Analyzing the results presented in Table 2, we can observe that for all 24 GVRP instances which correspond to SVRP instance with level of complexity, we were able to obtain the optimal solution of the problem. The computational time was below 3600 s in 21 out of 24 instances.

In Table 3 and Table 4, we present the obtained computational results in the case of small and medium and larger SVRP instances, respectively, with the levels of complexity 2, 3 and 4. The first column displays the index of the instance and the second column contains the name of the instance. The next columns display the level of complexity of the adapted SVRP instance, the optimal solution obtained by solving the problem with CPLEX, and the corresponding computational time in seconds.

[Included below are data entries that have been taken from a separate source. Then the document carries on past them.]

(* Let $p,q\ge 2$. (i) If $M_1, M_2 \subset \widetilde{\mathrm{Ein}}^{p,q}$ are two Minkowski patches, then $\pi_{\mathbf{X}}(M_1 \cap \iota(M_2))$ is the complement of $\pi_{\mathbf{X}}(M_1 \cap M_2)$ in $\pi_{\mathbf{X}}(M_1) \cap \pi_{\mathbf{X}}(M_2)$. (ii) If $M_1, M_2, M_3 \subset \widetilde{\mathrm{Ein}}^{p,q}$ are three Minkowski patches with $M_1 \cap M_3 = M_2 \cap M_3$, then $M_1 = M_2$.
   Context: $\widetilde{\mathrm{Ein}}^{p,q}\cong\mathbb{S}^p\times\mathbb{S}^q$ is the set of isotropic vectors of Euclidean norm $1$ in $\mathbb{R}^{p+1,q+1}$, $\pi_{\mathbf{X}}$ its double cover onto $\mathrm{Ein}^{p,q}$ (isotropic lines, with induced conformal structure), and $\iota$ the product of antipodal maps. Minkowski patches of $\mathrm{Ein}^{p,q}$ are $M_x=\{[w]:B(v,w)\neq0\}$ for $x=[v]$ isotropic; those of $\widetilde{\mathrm{Ein}}^{p,q}$ are the connected components of $\pi_{\mathbf{X}}^{-1}(M_x)$. *)

theory Defs
  imports "HOL-Analysis.Analysis"
begin

text \<open>R^{p+1,q+1} is modelled as 'a \<times> 'b with DIM('a) = p+1, DIM('b) = q+1,
  equipped with the bilinear form of signature (p+1,q+1).\<close>

definition B :: "('a::euclidean_space \<times> 'b::euclidean_space) \<Rightarrow> ('a \<times> 'b) \<Rightarrow> real" where
  "B v w = fst v \<bullet> fst w - snd v \<bullet> snd w"

definition EinT :: "('a::euclidean_space \<times> 'b::euclidean_space) set" where
  "EinT = {v. B v v = 0 \<and> norm v = 1}"

text \<open>A point of Ein (an isotropic line) is represented as the line itself.\<close>
definition piX :: "('a::euclidean_space \<times> 'b::euclidean_space) \<Rightarrow> ('a \<times> 'b) set" where
  "piX v = {t *\<^sub>R v | t. True}"

text \<open>Product of the antipodal maps.\<close>
definition iota :: "('a::euclidean_space \<times> 'b::euclidean_space) \<Rightarrow> ('a \<times> 'b)" where
  "iota v = - v"

text \<open>Preimage in Ein-tilde of the Minkowski patch M_x, x = [v].\<close>
definition preM :: "('a::euclidean_space \<times> 'b::euclidean_space) \<Rightarrow> ('a \<times> 'b) set" where
  "preM v = {w \<in> EinT. B v w \<noteq> 0}"

definition mink_patch :: "('a::euclidean_space \<times> 'b::euclidean_space) set \<Rightarrow> bool" where
  "mink_patch M \<longleftrightarrow> (\<exists>v w. v \<noteq> 0 \<and> B v v = 0 \<and> w \<in> preM v \<and>
       M = connected_component_set (preM v) w)"

end

theory Submission
  imports Defs
begin

text \<open>
  Write \<open>B(v, (a, b)) = s (x \<bullet> a + y \<bullet> b)\<close> with \<open>s > 0\<close> and unit vectors \<open>x, y\<close>, and
  \<open>Ein~ = S \<times> S\<close> with spheres of radius \<open>1/\<surd>2\<close>. The set \<open>{B(v, -) > 0}\<close> is the union, over
  \<open>t\<close>, of the products of the caps \<open>x \<bullet> a > t\<close> and \<open>y \<bullet> b > -t\<close>; all of them contain
  \<open>(x, y) / \<surd>2\<close>, so it is connected. As \<open>B(v, -)\<close> cannot change sign on a connected subset of
  \<open>{B(v, -) \<noteq> 0}\<close>, the Minkowski patches are exactly the sets \<open>{B(v, -) > 0}\<close>.

  (i) The fibres of \<open>Ein~ \<rightarrow> Ein\<close> are the pairs \<open>{w, -w}\<close>, and \<open>-w = \<iota> w\<close>: a line meets
  \<open>M1\<close> and \<open>M2\<close> but not \<open>M1 \<inter> M2\<close> iff one of its points lies in \<open>M1\<close> and the other in \<open>M2\<close>.

  (ii) Fix \<open>b\<close> orthogonal to \<open>y1, y2\<close> (possible as \<open>q + 1 \<ge> 3\<close>) with \<open>y3 \<bullet> b \<ge> 0\<close>. Then
  \<open>M1 \<inter> M3 = M2 \<inter> M3\<close> says that \<open>x1 \<bullet> a\<close> and \<open>x2 \<bullet> a\<close> have the same sign on the half-space
  \<open>x3 \<bullet> a > 0\<close>, which forces \<open>x1 = x2\<close>; symmetrically \<open>y1 = y2\<close>.
\<close>

text \<open>The point where the ray from \<open>p\<close> through \<open>z\<close> leaves the sphere of radius \<open>R > norm p\<close>:
  \<open>p + t (z - p)\<close> with \<open>t\<close> the positive root of \<open>norm (p + t (z - p))\<^sup>2 = R\<^sup>2\<close>.\<close>

definition radial_proj :: "'a::real_inner \<Rightarrow> real \<Rightarrow> 'a \<Rightarrow> 'a" where
  "radial_proj p R z =
     p + ((sqrt ((p \<bullet> (z - p))\<^sup>2 + ((z - p) \<bullet> (z - p)) * (R\<^sup>2 - p \<bullet> p)) - p \<bullet> (z - p))
           / ((z - p) \<bullet> (z - p))) *\<^sub>R (z - p)"

lemma radial_proj_ray_sphere:
  fixes p z :: "'a::real_inner"
  assumes "norm p < R" and "z \<noteq> p"
  obtains t where "t > 0" "radial_proj p R z = p + t *\<^sub>R (z - p)" "norm (radial_proj p R z) = R"
proof -
  define u where "u = z - p"
  define k where "k = p \<bullet> u"
  define m where "m = u \<bullet> u"
  define D where "D = k\<^sup>2 + m * (R\<^sup>2 - p \<bullet> p)"
  define s where "s = sqrt D"
  define t where "t = (s - k) / m"
  have R: "R > 0" using assms(1) norm_ge_zero[of p] by linarith
  have m: "m > 0" using assms(2) by (simp add: m_def u_def)
  have "p \<bullet> p < R\<^sup>2"
    using assms(1) by (metis R dot_square_norm norm_ge_zero power_strict_mono zero_less_numeral)
  hence D: "D > k\<^sup>2" using m by (simp add: D_def)
  hence s2: "s\<^sup>2 = D" by (simp add: s_def) (smt (verit) zero_le_power2)
  have "s > \<bar>k\<bar>" using D unfolding s_def by (metis real_sqrt_abs real_sqrt_less_mono)
  hence t: "t > 0" using m by (simp add: t_def)
  have proj: "radial_proj p R z = p + t *\<^sub>R u"
    by (simp add: radial_proj_def t_def s_def D_def k_def m_def u_def)
  have "radial_proj p R z \<bullet> radial_proj p R z = p \<bullet> p + t * (2 * k + t * m)"
    by (simp add: proj inner_add_left inner_add_right k_def m_def inner_commute algebra_simps)
  also have "t * (2 * k + t * m) = (s - k) * (s + k) / m"
    using m by (simp add: t_def field_simps)
  also have "\<dots> = R\<^sup>2 - p \<bullet> p"
    using m s2 by (simp add: D_def power2_eq_square field_simps)
  finally have "norm (radial_proj p R z) = R"
    using R by (simp add: norm_eq_sqrt_inner)
  with t proj show ?thesis using that by (simp add: u_def)
qed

Analyzing the results presented in Table 3 and Table 4, we can observe that, in 62 out of 72 small and medium SVRP instances and 34 out of 48 larger SVRP instances, corresponding to the three levels of complexity 2, 3, and 4, we were able to provide the optimal solution of the problem. For the other instances, the corresponding problems were unfeasible because, considering nodes that belong to more clusters, the capacity constraints of the vehicles to serve those clusters are no longer satisfied, and in the case of Table 4 in 12 out of 48 larger SVRP instances CPLEX was stoped after 3600 seconds.

5. Conclusions

In this paper, we describe a novel mathematical formulation based on mixed integer programming of a recently introduced variant of VRP, namely the selective vehicle routing problem (SVRP). The proposed model is compared against the existing models from the literature on the benchmark instances introduced by Posada et al. [17]. In addition, we provide a new set of SVRP instances adapted from the GVRP instances. Our proposed model achieved better results against the existing models from the literature.

Due to the complexity of the SVRP, in the future, we plan to solve the problem with heuristic or metaheuristic algorithms.